Data records:
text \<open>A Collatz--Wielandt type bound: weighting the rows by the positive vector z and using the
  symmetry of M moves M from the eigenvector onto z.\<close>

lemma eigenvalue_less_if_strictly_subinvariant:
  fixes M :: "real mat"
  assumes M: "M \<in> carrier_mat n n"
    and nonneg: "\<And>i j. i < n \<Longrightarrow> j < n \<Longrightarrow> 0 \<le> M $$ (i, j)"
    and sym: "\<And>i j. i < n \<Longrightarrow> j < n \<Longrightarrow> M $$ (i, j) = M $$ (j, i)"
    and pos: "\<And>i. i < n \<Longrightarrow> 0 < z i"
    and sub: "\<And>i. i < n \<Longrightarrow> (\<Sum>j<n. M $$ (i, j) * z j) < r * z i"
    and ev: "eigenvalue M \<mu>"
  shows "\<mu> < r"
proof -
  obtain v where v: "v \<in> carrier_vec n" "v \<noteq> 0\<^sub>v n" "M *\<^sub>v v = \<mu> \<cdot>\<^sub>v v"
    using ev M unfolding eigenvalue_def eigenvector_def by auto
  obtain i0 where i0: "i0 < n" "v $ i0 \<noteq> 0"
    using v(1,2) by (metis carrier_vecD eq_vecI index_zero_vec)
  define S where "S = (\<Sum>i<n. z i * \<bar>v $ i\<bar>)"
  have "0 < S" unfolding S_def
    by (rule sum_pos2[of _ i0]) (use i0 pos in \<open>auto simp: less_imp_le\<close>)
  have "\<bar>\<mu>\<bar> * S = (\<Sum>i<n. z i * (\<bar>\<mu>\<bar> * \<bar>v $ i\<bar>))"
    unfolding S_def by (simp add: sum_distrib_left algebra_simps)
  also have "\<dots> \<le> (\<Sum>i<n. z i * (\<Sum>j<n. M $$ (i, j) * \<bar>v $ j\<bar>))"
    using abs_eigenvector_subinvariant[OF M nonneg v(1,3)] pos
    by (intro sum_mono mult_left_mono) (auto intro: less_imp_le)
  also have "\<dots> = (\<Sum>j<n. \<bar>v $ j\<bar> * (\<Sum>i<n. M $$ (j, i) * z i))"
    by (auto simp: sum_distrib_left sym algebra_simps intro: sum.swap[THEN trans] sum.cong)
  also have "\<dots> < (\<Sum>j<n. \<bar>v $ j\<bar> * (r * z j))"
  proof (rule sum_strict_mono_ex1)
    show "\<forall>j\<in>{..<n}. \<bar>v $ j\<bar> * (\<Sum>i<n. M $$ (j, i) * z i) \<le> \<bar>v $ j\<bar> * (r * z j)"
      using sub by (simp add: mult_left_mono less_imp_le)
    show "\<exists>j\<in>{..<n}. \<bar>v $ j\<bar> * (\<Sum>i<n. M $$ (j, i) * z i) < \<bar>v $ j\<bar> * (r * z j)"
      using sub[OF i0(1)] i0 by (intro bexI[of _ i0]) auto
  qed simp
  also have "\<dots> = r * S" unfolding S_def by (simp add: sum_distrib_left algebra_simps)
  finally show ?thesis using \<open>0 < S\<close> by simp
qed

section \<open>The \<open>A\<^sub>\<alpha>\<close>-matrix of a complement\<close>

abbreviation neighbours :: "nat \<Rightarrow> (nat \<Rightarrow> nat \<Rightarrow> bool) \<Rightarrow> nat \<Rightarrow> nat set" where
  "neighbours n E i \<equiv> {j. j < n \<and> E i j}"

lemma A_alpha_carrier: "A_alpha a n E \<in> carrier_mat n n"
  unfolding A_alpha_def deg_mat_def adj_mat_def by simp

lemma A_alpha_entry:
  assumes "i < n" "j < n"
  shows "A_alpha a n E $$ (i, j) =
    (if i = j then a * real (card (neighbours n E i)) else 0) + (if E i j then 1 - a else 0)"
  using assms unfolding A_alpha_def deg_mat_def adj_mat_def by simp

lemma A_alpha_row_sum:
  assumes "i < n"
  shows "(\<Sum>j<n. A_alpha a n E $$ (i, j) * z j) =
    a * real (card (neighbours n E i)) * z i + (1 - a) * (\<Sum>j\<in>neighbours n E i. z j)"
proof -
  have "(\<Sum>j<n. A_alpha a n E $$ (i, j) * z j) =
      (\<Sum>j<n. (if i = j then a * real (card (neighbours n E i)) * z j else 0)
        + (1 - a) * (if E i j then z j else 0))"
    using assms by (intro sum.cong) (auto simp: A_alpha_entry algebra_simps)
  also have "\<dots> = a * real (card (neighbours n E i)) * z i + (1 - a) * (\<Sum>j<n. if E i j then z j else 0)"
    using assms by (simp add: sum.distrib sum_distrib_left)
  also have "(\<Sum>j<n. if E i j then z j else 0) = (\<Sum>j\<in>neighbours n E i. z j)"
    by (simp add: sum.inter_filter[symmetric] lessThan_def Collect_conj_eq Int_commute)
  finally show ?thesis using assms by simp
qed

What is expected -
Please report every line of the records above that contains the word "intro".

Result for this exercise -
    by (intro sum_mono mult_left_mono) (auto intro: less_imp_le)
    by (auto simp: sum_distrib_left sym algebra_simps intro: sum.swap[THEN trans] sum.cong)
      using sub[OF i0(1)] i0 by (intro bexI[of _ i0]) auto
    using assms by (intro sum.cong) (auto simp: A_alpha_entry algebra_simps)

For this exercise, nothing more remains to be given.